(* There exists a fragile graph with minimum degree $4$, and there exists a fragile graph with chromatic number $4$.
   Context: All graphs are finite and simple. A graph is $k$-connected if it has at least $k+1$ vertices and no vertex cutset with at most $k-1$ vertices. A graph is fragile if it has no $3$-connected subgraph. *)

theory Defs
  imports Main
begin

definition graph :: "'a set \<Rightarrow> 'a set set \<Rightarrow> bool" where
  "graph V E \<longleftrightarrow> finite V \<and> (\<forall>e\<in>E. \<exists>u v. e = {u, v} \<and> u \<noteq> v \<and> u \<in> V \<and> v \<in> V)"

definition subgraph :: "'a set \<Rightarrow> 'a set set \<Rightarrow> 'a set \<Rightarrow> 'a set set \<Rightarrow> bool" where
  "subgraph V' E' V E \<longleftrightarrow> graph V' E' \<and> V' \<subseteq> V \<and> E' \<subseteq> E"

definition adj :: "'a set set \<Rightarrow> 'a \<Rightarrow> 'a \<Rightarrow> bool" where
  "adj E u v \<longleftrightarrow> {u, v} \<in> E"

definition connected :: "'a set \<Rightarrow> 'a set set \<Rightarrow> bool" where
  "connected V E \<longleftrightarrow> V \<noteq> {} \<and> (\<forall>u\<in>V. \<forall>v\<in>V. (adj E)\<^sup>*\<^sup>* u v)"

definition del_verts_E :: "'a set set \<Rightarrow> 'a set \<Rightarrow> 'a set set" where
  "del_verts_E E S = {e \<in> E. e \<inter> S = {}}"

definition vertex_cutset :: "'a set \<Rightarrow> 'a set set \<Rightarrow> 'a set \<Rightarrow> bool" where
  "vertex_cutset V E S \<longleftrightarrow> S \<subseteq> V \<and> \<not> connected (V - S) (del_verts_E E S)"

definition k_connected :: "nat \<Rightarrow> 'a set \<Rightarrow> 'a set set \<Rightarrow> bool" where
  "k_connected k V E \<longleftrightarrow> card V \<ge> k + 1 \<and> \<not> (\<exists>S. vertex_cutset V E S \<and> card S < k)"

definition fragile :: "'a set \<Rightarrow> 'a set set \<Rightarrow> bool" where
  "fragile V E \<longleftrightarrow> \<not> (\<exists>V' E'. subgraph V' E' V E \<and> k_connected 3 V' E')"

definition degree :: "'a set set \<Rightarrow> 'a \<Rightarrow> nat" where
  "degree E v = card {e \<in> E. v \<in> e}"

definition min_degree :: "'a set \<Rightarrow> 'a set set \<Rightarrow> nat" where
  "min_degree V E = Min (degree E ` V)"

definition proper_colouring :: "'a set \<Rightarrow> 'a set set \<Rightarrow> nat \<Rightarrow> ('a \<Rightarrow> nat) \<Rightarrow> bool" where
  "proper_colouring V E k c \<longleftrightarrow> (\<forall>v\<in>V. c v < k) \<and> (\<forall>u v. {u, v} \<in> E \<longrightarrow> c u \<noteq> c v)"

definition chromatic_number :: "'a set \<Rightarrow> 'a set set \<Rightarrow> nat" where
  "chromatic_number V E = (LEAST k. \<exists>c. proper_colouring V E k c)"

end

theory Submission
  imports Defs
begin

(* Fragility survives gluing along at most two vertices: a 3-connected subgraph meeting both
   sides strictly would be separated by the at most two shared vertices.  Graphs on at most
   three vertices are trivially fragile, so every graph assembled from triangles and edges by
   such gluings is fragile.  A 4-regular example is obtained by gluing two copies of one
   7-vertex gadget along two vertices; the Moser spindle arises in the same way and has
   chromatic number 4. *)

definition induced_edges :: "'a set set \<Rightarrow> 'a set \<Rightarrow> 'a set set" where
  "induced_edges E A = {e \<in> E. e \<subseteq> A}"

lemma graph_empty: "finite V \<Longrightarrow> graph V {}"
  by (simp add: graph_def)

lemma graph_insert:
  "graph V E \<Longrightarrow> u \<noteq> v \<Longrightarrow> u \<in> V \<Longrightarrow> v \<in> V \<Longrightarrow> graph V (insert {u, v} E)"
  unfolding graph_def by (simp (no_asm_use)) blast

lemma graph_edge_subset: "graph V E \<Longrightarrow> e \<in> E \<Longrightarrow> e \<subseteq> V"
  unfolding graph_def by force

lemma induced_edges_self: "graph V E \<Longrightarrow> induced_edges E V = E"
  unfolding induced_edges_def using graph_edge_subset by blast

lemma fragile_card_le_3:
  assumes "finite V" "card V \<le> 3" shows "fragile V E"
  unfolding fragile_def
proof
  assume "\<exists>V' E'. subgraph V' E' V E \<and> k_connected 3 V' E'"
  then obtain V' E' where sub: "subgraph V' E' V E" and conn: "k_connected 3 V' E'" by blast
  have "V' \<subseteq> V" using sub by (simp add: subgraph_def)
  then have "card V' \<le> 3" using assms card_mono order_trans by metis
  then show False using conn by (simp add: k_connected_def)
qed

lemma rtranclp_adj_closed:
  assumes "(adj F)\<^sup>*\<^sup>* x z" "x \<in> C" "\<forall>e\<in>F. e \<inter> C \<noteq> {} \<longrightarrow> e \<subseteq> C"
  shows "z \<in> C"
  using assms(1)
proof (induction rule: rtranclp_induct)
  case base
  show ?case using assms(2) .
next
  case (step y z)
  have "{y, z} \<in> F" using step.hyps(2) by (simp add: adj_def)
  moreover have "{y, z} \<inter> C \<noteq> {}" using step.IH by blast
  ultimately have "{y, z} \<subseteq> C" by (rule assms(3)[rule_format])
  then show ?case by simp
qed

lemma subgraph_induced_edges:
  assumes "graph V' E'" "V' \<subseteq> A" "E' \<subseteq> E"
  shows "subgraph V' E' A (induced_edges E A)"
  using assms graph_edge_subset unfolding subgraph_def induced_edges_def by blast

lemma fragile_Un:
  assumes fin: "finite (A \<inter> B)" and sep: "card (A \<inter> B) \<le> 2"
    and no_cross: "\<forall>e\<in>E. e \<subseteq> A \<union> B \<longrightarrow> e \<subseteq> A \<or> e \<subseteq> B"
    and frA: "fragile A (induced_edges E A)" and frB: "fragile B (induced_edges E B)"
  shows "fragile (A \<union> B) (induced_edges E (A \<union> B))"
  unfolding fragile_def
proof
  assume "\<exists>V' E'. subgraph V' E' (A \<union> B) (induced_edges E (A \<union> B)) \<and> k_connected 3 V' E'"
  then obtain V' E' where sub: "subgraph V' E' (A \<union> B) (induced_edges E (A \<union> B))"
    and conn: "k_connected 3 V' E'" by blast
  have g: "graph V' E'" and V': "V' \<subseteq> A \<union> B" and E': "E' \<subseteq> E"
    and E'_Un: "\<forall>e\<in>E'. e \<subseteq> A \<union> B"
    using sub unfolding subgraph_def induced_edges_def by auto
  obtain x where x: "x \<in> V'" "x \<in> B - A"
    using subgraph_induced_edges[OF g _ E'] frA conn V' unfolding fragile_def by blast
  obtain y where y: "y \<in> V'" "y \<notin> B"
    using subgraph_induced_edges[OF g _ E'] frB conn unfolding fragile_def by blast
  define S where "S = V' \<inter> A \<inter> B"
  have "card S \<le> card (A \<inter> B)"
    unfolding S_def using fin by (intro card_mono) auto
  then have card_S: "card S < 3" using sep by simp
  \<comment> \<open>after deleting S, an edge meeting B - A cannot leave it, since its ends in A lie in S\<close>
  have "\<forall>e\<in>del_verts_E E' S. e \<inter> (B - A) \<noteq> {} \<longrightarrow> e \<subseteq> B - A"
  proof (intro ballI impI)
    fix e assume e: "e \<in> del_verts_E E' S" "e \<inter> (B - A) \<noteq> {}"
    then have "e \<in> E'" "e \<inter> S = {}" by (auto simp: del_verts_E_def)
    moreover have "e \<subseteq> V'" using graph_edge_subset[OF g \<open>e \<in> E'\<close>] .
    moreover have "e \<subseteq> B" using no_cross E' E'_Un \<open>e \<in> E'\<close> e(2) by blast
    ultimately show "e \<subseteq> B - A" unfolding S_def by blast
  qed
  then have "\<not> (adj (del_verts_E E' S))\<^sup>*\<^sup>* x y"
    using rtranclp_adj_closed[where C = "B - A"] x(2) y(2) by blast
  then have "vertex_cutset V' E' S"
    using x y unfolding vertex_cutset_def connected_def S_def by blast
  then show False using conn card_S unfolding k_connected_def by blast
qed

lemma min_degree_eqI:
  assumes "V \<noteq> {}" "\<forall>v\<in>V. degree E v = k"
  shows "min_degree V E = k"
proof -
  have "degree E ` V = {k}" using assms by auto
  then show ?thesis by (simp add: min_degree_def)
qed

lemma chromatic_number_eqI:
  assumes "proper_colouring V E k c" "\<And>k' c'. proper_colouring V E k' c' \<Longrightarrow> k \<le> k'"
  shows "chromatic_number V E = k"
  unfolding chromatic_number_def by (rule Least_equality) (use assms in blast)+

definition quartic_V :: "nat set" where
  "quartic_V = {0,1,2,3,4,5,6,7,8,9,10,11,12,13}"

definition quartic_E :: "nat set set" where
  "quartic_E = {{0,2},{0,3},{0,4},{0,5},{1,2},{1,3},{1,4},{1,5},{2,3},{4,5},{2,6},{3,6},{4,7},{5,7},
    {8,10},{8,11},{8,12},{8,13},{9,10},{9,11},{9,12},{9,13},{10,11},{12,13},{6,10},{6,11},{7,12},{7,13}}"

lemma quartic_graph: "graph quartic_V quartic_E"
  unfolding quartic_V_def quartic_E_def by (intro graph_insert graph_empty) simp_all

lemma quartic_fragile: "fragile quartic_V quartic_E"
proof -
  \<comment> \<open>the bracketing of ?T is the gluing tree: every union shares at most two vertices\<close>
  let ?T = "(((({0,2,3} \<union> {1,2,3}) \<union> ({0,4,5} \<union> {1,4,5})) \<union> {4,5,7}) \<union> {2,3,6})
    \<union> (((({8,10,11} \<union> {9,10,11}) \<union> ({8,12,13} \<union> {9,12,13})) \<union> {7,12,13}) \<union> {6,10,11})"
  have "fragile ?T (induced_edges quartic_E ?T)"
    by (intro fragile_Un fragile_card_le_3) (simp_all add: quartic_E_def)
  moreover have "?T = quartic_V"
    unfolding quartic_V_def by auto
  ultimately show ?thesis
    using induced_edges_self[OF quartic_graph] by simp
qed

lemma degree_empty: "degree {} v = 0"
  by (simp add: degree_def)

lemma degree_insert:
  assumes "finite E" "e \<notin> E"
  shows "degree (insert e E) v = (if v \<in> e then Suc (degree E v) else degree E v)"
proof -
  have "{e' \<in> insert e E. v \<in> e'} = (if v \<in> e then insert e {e' \<in> E. v \<in> e'} else {e' \<in> E. v \<in> e'})"
    by auto
  then show ?thesis using assms by (simp add: degree_def)
qed

lemma quartic_degree: "\<forall>v\<in>quartic_V. degree quartic_E v = 4"
  unfolding quartic_V_def quartic_E_def
  by (simp add: degree_insert degree_empty doubleton_eq_iff)

lemma quartic_min_degree: "min_degree quartic_V quartic_E = 4"
  using quartic_degree by (intro min_degree_eqI) (simp add: quartic_V_def)

definition moser_V :: "nat set" where
  "moser_V = {0,1,2,3,4,5,6}"

definition moser_E :: "nat set set" where
  "moser_E = {{0,2},{0,3},{2,3},{1,2},{1,3},{0,4},{0,5},{4,5},{4,6},{5,6},{1,6}}"

lemma moser_graph: "graph moser_V moser_E"
  unfolding moser_V_def moser_E_def by (intro graph_insert graph_empty) simp_all

lemma moser_fragile: "fragile moser_V moser_E"
proof -
  let ?T = "({0,2,3} \<union> {1,2,3}) \<union> (({0,4,5} \<union> {4,5,6}) \<union> {1,6})"
  have "fragile ?T (induced_edges moser_E ?T)"
    by (intro fragile_Un fragile_card_le_3) (simp_all add: moser_E_def)
  moreover have "?T = moser_V"
    unfolding moser_V_def by auto
  ultimately show ?thesis
    using induced_edges_self[OF moser_graph] by simp
qed

lemma moser_colouring:
  "proper_colouring moser_V moser_E 4
     (\<lambda>v. if v \<in> {2,4} then 1 else if v \<in> {3,5} then 2 else if v = 6 then 3 else 0)"
  unfolding proper_colouring_def moser_V_def moser_E_def by (auto simp: doubleton_eq_iff)

lemma three_colours_pigeonhole:
  fixes a b x y :: nat
  assumes "a < 3" "b < 3" "x < 3" "y < 3" "a \<noteq> b" "x \<noteq> a" "x \<noteq> b" "y \<noteq> a" "y \<noteq> b"
  shows "x = y"
  using assms by arith

lemma moser_not_3_colourable:
  assumes "proper_colouring moser_V moser_E k c"
  shows "4 \<le> k"
proof (rule ccontr)
  assume "\<not> 4 \<le> k"
  then have "\<forall>v\<in>moser_V. c v < 3"
    using assms unfolding proper_colouring_def by fastforce
  then have colours: "c 0 < 3" "c 1 < 3" "c 2 < 3" "c 3 < 3" "c 4 < 3" "c 5 < 3" "c 6 < 3"
    by (simp_all add: moser_V_def)
  have edge: "c u \<noteq> c v" if "{u, v} \<in> moser_E" for u v
    using assms that unfolding proper_colouring_def by blast
  then have "c 0 \<noteq> c 2" "c 0 \<noteq> c 3" "c 2 \<noteq> c 3" "c 1 \<noteq> c 2" "c 1 \<noteq> c 3"
    "c 0 \<noteq> c 4" "c 0 \<noteq> c 5" "c 4 \<noteq> c 5" "c 4 \<noteq> c 6" "c 5 \<noteq> c 6"
    by (simp_all add: moser_E_def)
  \<comment> \<open>each of the two diamonds forces its tips to share a colour\<close>
  then have "c 1 = c 0" "c 6 = c 0"
    using three_colours_pigeonhole colours by metis+
  moreover have "c 1 \<noteq> c 6"
    using edge by (simp add: moser_E_def)
  ultimately show False by simp
qed

lemma moser_chromatic_number: "chromatic_number moser_V moser_E = 4"
  using moser_colouring moser_not_3_colourable by (rule chromatic_number_eqI)

theorem mainTheorem4:
  shows "(\<exists>(V::nat set) E. graph V E \<and> V \<noteq> {} \<and> fragile V E \<and> min_degree V E = 4) \<and>
         (\<exists>(V::nat set) E. graph V E \<and> fragile V E \<and> chromatic_number V E = 4)"
proof
  show "\<exists>(V::nat set) E. graph V E \<and> V \<noteq> {} \<and> fragile V E \<and> min_degree V E = 4"
    using quartic_graph quartic_fragile quartic_min_degree by (auto simp: quartic_V_def)
  show "\<exists>(V::nat set) E. graph V E \<and> fragile V E \<and> chromatic_number V E = 4"
    using moser_graph moser_fragile moser_chromatic_number by blast
qed

end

WHAT TO PRODUCE | From the entries above, copy each line holding "else".

WRITTEN ANSWER |
  shows "degree (insert e E) v = (if v \<in> e then Suc (degree E v) else degree E v)"
  have "{e' \<in> insert e E. v \<in> e'} = (if v \<in> e then insert e {e' \<in> E. v \<in> e'} else {e' \<in> E. v \<in> e'})"
     (\<lambda>v. if v \<in> {2,4} then 1 else if v \<in> {3,5} then 2 else if v = 6 then 3 else 0)"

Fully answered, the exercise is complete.